lemma prob_row_supp_nested:
  assumes N: "prob_space N" "sets N = sets borel" and p: "measure N (UNIV - {0}) = p"
    and ii': "i \<in> {1..m}" "i' \<in> {1..m}" "i \<noteq> i'" and "0 < n"
  shows "measure (iid_matrix m n N) {X \<in> space (iid_matrix m n N). row_supp n X i' \<subseteq> row_supp n X i}
         \<le> exp (-2 * (p * (1 - p))\<^sup>2 * real n)"
proof -
  interpret N: prob_space N
    by (rule N(1))
  interpret P: prob_space "iid_matrix m n N"
    using N(1) by (rule prob_space_iid_matrix)
  let ?Y = "\<lambda>j X. of_bool (X (i, j) = 0 \<and> X (i', j) \<noteq> 0) :: real"
  have "?Y j \<in> borel_measurable (PiM {(i, j), (i', j)} (\<lambda>_. N))" for j
  proof -
    have "(\<lambda>X. X (i, j)) \<in> borel_measurable (PiM {(i, j), (i', j)} (\<lambda>_. N))"
      and "(\<lambda>X. X (i', j)) \<in> borel_measurable (PiM {(i, j), (i', j)} (\<lambda>_. N))"
      using N(2) by (auto intro!: measurable_PiM_component_borel)
    then show ?thesis
      by measurable
  qed
  then have "P.indep_vars (\<lambda>_. borel) (\<lambda>j X. ?Y j (restrict X {(i, j), (i', j)})) {1..n}"
    unfolding iid_matrix_def using N(1) ii' \<open>0 < n\<close>
    by (intro indep_vars_PiM_blocks) (auto simp: disjoint_family_on_def)
  then have indep: "P.indep_vars (\<lambda>_. borel) ?Y {1..n}"
    by simp
  have "measure N {0} = 1 - p"
    using N.prob_compl[of "UNIV - {0}"] N(2) p
    by (simp add: sets_eq_imp_space_eq[OF N(2)] Diff_Diff_Int)
  then have "P.expectation (?Y j) = (1 - p) * p" if "j \<in> {1..n}" for j
  proof -
    let ?A = "\<lambda>k. if k = (i, j) then {0} else UNIV - {0::real}"
    have "P.expectation (\<lambda>X. of_bool (\<forall>k\<in>{(i, j), (i', j)}. X k \<in> ?A k))
        = (\<Prod>k\<in>{(i, j), (i', j)}. measure N (?A k))"
      unfolding iid_matrix_def using ii' that
      by (intro expectation_PiM_coordinates_in N(1)) (auto simp: N(2))
    then show ?thesis
      using ii' \<open>measure N {0} = 1 - p\<close> p by simp
  qed
  then have expectation: "(\<Sum>j=1..n. P.expectation (?Y j)) = n * ((1 - p) * p)"
    by simp
  have "0 \<le> p" "p \<le> 1"
    using p measure_nonneg[of N] N.prob_le_1 by auto
  then have "P.prob {X \<in> space (iid_matrix m n N).
      (\<Sum>j=1..n. ?Y j X) \<le> (\<Sum>j=1..n. P.expectation (?Y j)) - n * ((1 - p) * p)}
      \<le> exp (-2 * (n * ((1 - p) * p))\<^sup>2 / card {1..n})"
    using \<open>0 < n\<close> by (intro P.Hoeffding_ineq_unit_interval(2)[OF _ _ indep]) auto
  moreover have "(\<Sum>j=1..n. ?Y j X) \<le> 0 \<longleftrightarrow> row_supp n X i' \<subseteq> row_supp n X i" for X
    using sum_nonneg_eq_0_iff[of "{1..n}" "\<lambda>j. ?Y j X"] sum_nonneg[of "{1..n}" "\<lambda>j. ?Y j X"]
    by (auto simp: row_supp_def)
  moreover have "-2 * (n * ((1 - p) * p))\<^sup>2 / card {1..n} = -2 * (p * (1 - p))\<^sup>2 * n"
    using \<open>0 < n\<close> by (simp add: power2_eq_square)
  ultimately show ?thesis
    unfolding expectation by simp
qed

lemma prob_C1_C2_C3_failure_le:
  assumes N: "prob_space N" "sets N = sets borel" and p: "measure N (UNIV - {0}) = p"
    and "0 < m" "0 < n" "0 \<le> \<epsilon>" and room: "real n * p + \<epsilon> \<le> real n - real m + 1"
  shows "1 - measure (iid_matrix m n N) {X \<in> space (iid_matrix m n N). C1 m n X \<and> C2 m n X \<and> C3 m n X}
         \<le> real m * exp (-2 * \<epsilon>\<^sup>2 / real n) + real m ^ 2 * exp (-2 * (p * (1 - p))\<^sup>2 * real n)"
proof -
  let ?P = "iid_matrix m n N"
  interpret P: prob_space ?P
    using N(1) by (rule prob_space_iid_matrix)
  define Good where "Good = {X \<in> space ?P. C1 m n X \<and> C2 m n X \<and> C3 m n X}"
  define Dense where "Dense i = {X \<in> space ?P. real n * p + \<epsilon> \<le> real (card (row_supp n X i))}" for i
  define Nested where "Nested ii' = {X \<in> space ?P. row_supp n X (snd ii') \<subseteq> row_supp n X (fst ii')}"
    for ii' :: "nat \<times> nat"
  define Pairs where "Pairs = {ii' \<in> {1..m} \<times> {1..m}. fst ii' \<noteq> snd ii'}"
  have sets_Good: "Good \<in> P.events"
    unfolding Good_def using N(2) by (rule sets_iid_matrix_C1_C2_C3)
  have sets_Dense: "Dense i \<in> P.events" if "i \<in> {1..m}" for i
    unfolding Dense_def by (rule sets_iid_matrix_row_supp_invariant[OF N(2)]) (metis that)
  have sets_Nested: "Nested ii' \<in> P.events" if "ii' \<in> Pairs" for ii'
    unfolding Nested_def using that
    by (intro sets_iid_matrix_row_supp_invariant[OF N(2)]) (auto simp: Pairs_def)
  have "space ?P - Good \<subseteq> (\<Union>i\<in>{1..m}. Dense i) \<union> (\<Union>ii'\<in>Pairs. Nested ii')"
  proof
    fix X assume X: "X \<in> space ?P - Good"
    then have "\<not> (C1 m n X \<and> C2 m n X \<and> C3 m n X)"
      by (simp add: Good_def)
    with \<open>0 < m\<close> show "X \<in> (\<Union>i\<in>{1..m}. Dense i) \<union> (\<Union>ii'\<in>Pairs. Nested ii')"
    proof (cases rule: C1_C2_C3_failure_cases)
      case (1 i)
      then have "X \<in> Dense i"
        using X room by (simp add: Dense_def)
      with \<open>i \<in> {1..m}\<close> show ?thesis
        by blast
    next
      case (2 i i')
      then have "(i, i') \<in> Pairs" "X \<in> Nested (i, i')"
        using X by (auto simp: Pairs_def Nested_def)
      then show ?thesis
        by blast
    qed
  qed
  moreover have "finite Pairs"
    unfolding Pairs_def by (rule finite_subset[of _ "{1..m} \<times> {1..m}"]) auto
  moreover have "(\<Union>i\<in>{1..m}. Dense i) \<union> (\<Union>ii'\<in>Pairs. Nested ii') \<in> P.events"
    using sets_Dense sets_Nested \<open>finite Pairs\<close> by (intro sets.Un sets.finite_UN) auto
  ultimately have "1 - P.prob Good \<le> P.prob ((\<Union>i\<in>{1..m}. Dense i) \<union> (\<Union>ii'\<in>Pairs. Nested ii'))"
    using sets_Good by (subst P.prob_compl[symmetric]) (auto intro!: P.finite_measure_mono)
  also have "\<dots> \<le> (\<Sum>i=1..m. P.prob (Dense i)) + (\<Sum>ii'\<in>Pairs. P.prob (Nested ii'))"
    using sets_Dense sets_Nested \<open>finite Pairs\<close>
    by (intro order.trans[OF measure_Un_le] add_mono measure_UNION_le sets.finite_UN) auto
  also have "\<dots> \<le> (\<Sum>i=1..m. exp (-2 * \<epsilon>\<^sup>2 / real n))
      + (\<Sum>ii'\<in>Pairs. exp (-2 * (p * (1 - p))\<^sup>2 * real n))"
    using prob_row_supp_large[OF N p] prob_row_supp_nested[OF N p] \<open>0 < n\<close> \<open>0 \<le> \<epsilon>\<close>
    by (intro add_mono sum_mono) (auto simp: Dense_def Nested_def Pairs_def)
  also have "\<dots> \<le> real m * exp (-2 * \<epsilon>\<^sup>2 / real n) + real m ^ 2 * exp (-2 * (p * (1 - p))\<^sup>2 * real n)"
  proof -
    have "card Pairs \<le> card ({1..m} \<times> {1..m})"
      unfolding Pairs_def by (intro card_mono) auto
    then have "real (card Pairs) \<le> real m ^ 2"
      by (simp add: power2_eq_square flip: of_nat_mult)
    then show ?thesis
      by (simp add: mult_right_mono)
  qed
  finally show ?thesis
    unfolding Good_def .
qed

lemma measure_pair_measure_snd:
  assumes "prob_space A" "prob_space B" "S \<in> sets B"
  shows "measure (A \<Otimes>\<^sub>M B) {x \<in> space (A \<Otimes>\<^sub>M B). snd x \<in> S} = measure B S"
proof -
  interpret A: prob_space A by (rule assms(1))
  interpret B: prob_space B by (rule assms(2))
  have "{x \<in> space (A \<Otimes>\<^sub>M B). snd x \<in> S} = space A \<times> S"
    using sets.sets_into_space[OF assms(3)] by (auto simp: space_pair_measure)
  moreover have "emeasure (A \<Otimes>\<^sub>M B) (space A \<times> S) = emeasure B S"
    using assms(3) by (simp add: B.emeasure_pair_measure_Times A.emeasure_space_1)
  ultimately show ?thesis
    by (simp add: measure_def)
qed

lemma prob_space_model: "0 < m \<Longrightarrow> prob_space (model \<theta> m n)"
  unfolding model_def iid_matrix_def
  by (intro prob_space_pair prob_space_PiM prob_space_normal_density prob_space_BG) simp

lemma prob_model_C1_C2_C3_failure_le:
  assumes "0 < \<theta>" "\<theta> < 1" "0 < m" "0 < n" "0 \<le> \<delta>" and m: "real m \<le> (1 - \<theta> - \<delta>) * real n"
  shows "1 - measure (model \<theta> m n) {DX \<in> space (model \<theta> m n).
             C1 m n (snd DX) \<and> C2 m n (snd DX) \<and> C3 m n (snd DX)}
         \<le> real n * exp (-2 * \<delta>\<^sup>2 * real n) + real n ^ 2 * exp (-2 * (\<theta> * (1 - \<theta>))\<^sup>2 * real n)"
proof -
  let ?Good = "{X \<in> space (iid_matrix m n (BG \<theta>)). C1 m n X \<and> C2 m n X \<and> C3 m n X}"
  have "{DX \<in> space (model \<theta> m n). C1 m n (snd DX) \<and> C2 m n (snd DX) \<and> C3 m n (snd DX)}
      = {DX \<in> space (model \<theta> m n). snd DX \<in> ?Good}"
    by (auto simp: model_def space_pair_measure)
  also have "measure (model \<theta> m n) \<dots> = measure (iid_matrix m n (BG \<theta>)) ?Good"
    unfolding model_def using \<open>0 < m\<close>
    by (intro measure_pair_measure_snd prob_space_iid_matrix prob_space_BG prob_space_normal_density
        sets_iid_matrix_C1_C2_C3 sets_BG) simp
  also have "1 - \<dots> \<le> real m * exp (-2 * (\<delta> * real n)\<^sup>2 / real n)
      + real m ^ 2 * exp (-2 * (\<theta> * (1 - \<theta>))\<^sup>2 * real n)"
    using assms by (intro prob_C1_C2_C3_failure_le prob_space_BG sets_BG measure_BG_nonzero)
      (auto simp: algebra_simps)
  also have "-2 * (\<delta> * real n)\<^sup>2 / real n = -2 * \<delta>\<^sup>2 * real n"
    using \<open>0 < n\<close> by (simp add: power2_eq_square)
  also have "real m * exp (-2 * \<delta>\<^sup>2 * real n) + real m ^ 2 * exp (-2 * (\<theta> * (1 - \<theta>))\<^sup>2 * real n)
      \<le> real n * exp (-2 * \<delta>\<^sup>2 * real n) + real n ^ 2 * exp (-2 * (\<theta> * (1 - \<theta>))\<^sup>2 * real n)"
  proof -
    have "(1 - \<theta> - \<delta>) * real n \<le> 1 * real n"
      using assms(1,5) by (intro mult_right_mono) auto
    then have "real m \<le> real n"
      using m by simp
    then show ?thesis
      by (intro add_mono mult_right_mono power_mono) auto
  qed
  finally show ?thesis .
qed

lemma tendsto_poly_exp_decay:
  assumes "0 < a" "0 < b"
  shows "((\<lambda>x::real. x * exp (-a * x) + x\<^sup>2 * exp (-b * x)) \<longlongrightarrow> 0) at_top"
proof -
  have "((\<lambda>x::real. x * exp (-a * x)) \<longlongrightarrow> 0) at_top"
    and "((\<lambda>x::real. x\<^sup>2 * exp (-b * x)) \<longlongrightarrow> 0) at_top"
    using assms by real_asymp+
  from tendsto_add[OF this] show ?thesis
    by simp
qed

lemma eventually_le_mult_of_ratio_tendsto:
  fixes m n :: "nat \<Rightarrow> nat"
  assumes "\<And>k. 0 < n k" "0 < nbar" "(\<lambda>k. real (n k) / real (m k)) \<longlonglongrightarrow> nbar" "1 / nbar < c"
  obtains \<delta> where "0 < \<delta>" "eventually (\<lambda>k. real (m k) \<le> (c - \<delta>) * real (n k)) sequentially"
proof
  define \<delta> where "\<delta> = (c - 1 / nbar) / 2"
  show "0 < \<delta>"
    using assms(4) by (simp add: \<delta>_def)
  have "(\<lambda>k. real (m k) / real (n k)) \<longlonglongrightarrow> 1 / nbar"
    using tendsto_inverse[OF assms(3)] assms(2) by (simp add: inverse_eq_divide)
  moreover have "1 / nbar < c - \<delta>"
    using assms(4) by (simp add: \<delta>_def field_simps)
  ultimately have "eventually (\<lambda>k. real (m k) / real (n k) < c - \<delta>) sequentially"
    by (intro order_tendstoD(2))
  then show "eventually (\<lambda>k. real (m k) \<le> (c - \<delta>) * real (n k)) sequentially"
    by (rule eventually_mono) (use assms(1) in \<open>auto simp: divide_less_eq mult.commute\<close>)
qed

theorem corollary1:
  fixes \<theta> nbar :: real and m n :: "nat \<Rightarrow> nat"
  assumes "0 < \<theta>" "\<theta> < 1"
    and "\<And>k. 0 < m k" "\<And>k. 0 < n k"
    and "filterlim m at_top sequentially" "filterlim n at_top sequentially"
    and "0 < nbar"
    and "(\<lambda>k. real (n k) / real (m k)) \<longlonglongrightarrow> nbar"
    and "nbar > 1 / (1 - \<theta>)"
  shows "(\<lambda>k. measure (model \<theta> (m k) (n k))
            {DX \<in> space (model \<theta> (m k) (n k)).
               C1 (m k) (n k) (snd DX) \<and> C2 (m k) (n k) (snd DX) \<and> C3 (m k) (n k) (snd DX)})
         \<longlonglongrightarrow> 1"
proof -
  let ?P = "\<lambda>k. measure (model \<theta> (m k) (n k)) {DX \<in> space (model \<theta> (m k) (n k)).
               C1 (m k) (n k) (snd DX) \<and> C2 (m k) (n k) (snd DX) \<and> C3 (m k) (n k) (snd DX)}"
  have "1 / nbar < 1 - \<theta>"
    using assms(1,2,7,9) by (simp add: field_simps)
  with assms(4,7,8) obtain \<delta> where "0 < \<delta>"
    and margin: "eventually (\<lambda>k. real (m k) \<le> (1 - \<theta> - \<delta>) * real (n k)) sequentially"
    by (rule eventually_le_mult_of_ratio_tendsto)
  from margin have bound: "eventually (\<lambda>k. 1 - ?P k \<le> real (n k) * exp (-2 * \<delta>\<^sup>2 * real (n k))
      + real (n k) ^ 2 * exp (-2 * (\<theta> * (1 - \<theta>))\<^sup>2 * real (n k))) sequentially"
    by (rule eventually_mono)
      (rule prob_model_C1_C2_C3_failure_le; use assms(1-4) \<open>0 < \<delta>\<close> in simp)
  have bound_limit: "(\<lambda>k. real (n k) * exp (-2 * \<delta>\<^sup>2 * real (n k))
      + real (n k) ^ 2 * exp (-2 * (\<theta> * (1 - \<theta>))\<^sup>2 * real (n k))) \<longlonglongrightarrow> 0"
    using filterlim_compose[OF tendsto_poly_exp_decay
        filterlim_compose[OF filterlim_real_sequentially assms(6)],
        of "2 * \<delta>\<^sup>2" "2 * (\<theta> * (1 - \<theta>))\<^sup>2"] \<open>0 < \<delta>\<close> assms(1,2)
    by (simp add: o_def)
  have "0 \<le> 1 - ?P k" for k
    using prob_space.prob_le_1[OF prob_space_model[OF assms(3)]] by simp
  then have "(\<lambda>k. 1 - ?P k) \<longlonglongrightarrow> 0"
    by (intro tendsto_sandwich[OF always_eventually bound tendsto_const bound_limit]) simp
  from tendsto_diff[OF tendsto_const[of 1] this] show ?thesis
    by simp
qed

## WHAT NEEDS TO BE DONE
Beginning with the line containing "by (intro sets_iid_matrix_row_supp_invariant[OF" in the material above, copy every line exactly until you have copied the line containing "using sets_Dense sets_Nested \<open>finite Pairs\<close> by".

## SOLUTION
    by (intro sets_iid_matrix_row_supp_invariant[OF N(2)]) (auto simp: Pairs_def)
  have "space ?P - Good \<subseteq> (\<Union>i\<in>{1..m}. Dense i) \<union> (\<Union>ii'\<in>Pairs. Nested ii')"
  proof
    fix X assume X: "X \<in> space ?P - Good"
    then have "\<not> (C1 m n X \<and> C2 m n X \<and> C3 m n X)"
      by (simp add: Good_def)
    with \<open>0 < m\<close> show "X \<in> (\<Union>i\<in>{1..m}. Dense i) \<union> (\<Union>ii'\<in>Pairs. Nested ii')"
    proof (cases rule: C1_C2_C3_failure_cases)
      case (1 i)
      then have "X \<in> Dense i"
        using X room by (simp add: Dense_def)
      with \<open>i \<in> {1..m}\<close> show ?thesis
        by blast
    next
      case (2 i i')
      then have "(i, i') \<in> Pairs" "X \<in> Nested (i, i')"
        using X by (auto simp: Pairs_def Nested_def)
      then show ?thesis
        by blast
    qed
  qed
  moreover have "finite Pairs"
    unfolding Pairs_def by (rule finite_subset[of _ "{1..m} \<times> {1..m}"]) auto
  moreover have "(\<Union>i\<in>{1..m}. Dense i) \<union> (\<Union>ii'\<in>Pairs. Nested ii') \<in> P.events"
    using sets_Dense sets_Nested \<open>finite Pairs\<close> by (intro sets.Un sets.finite_UN) auto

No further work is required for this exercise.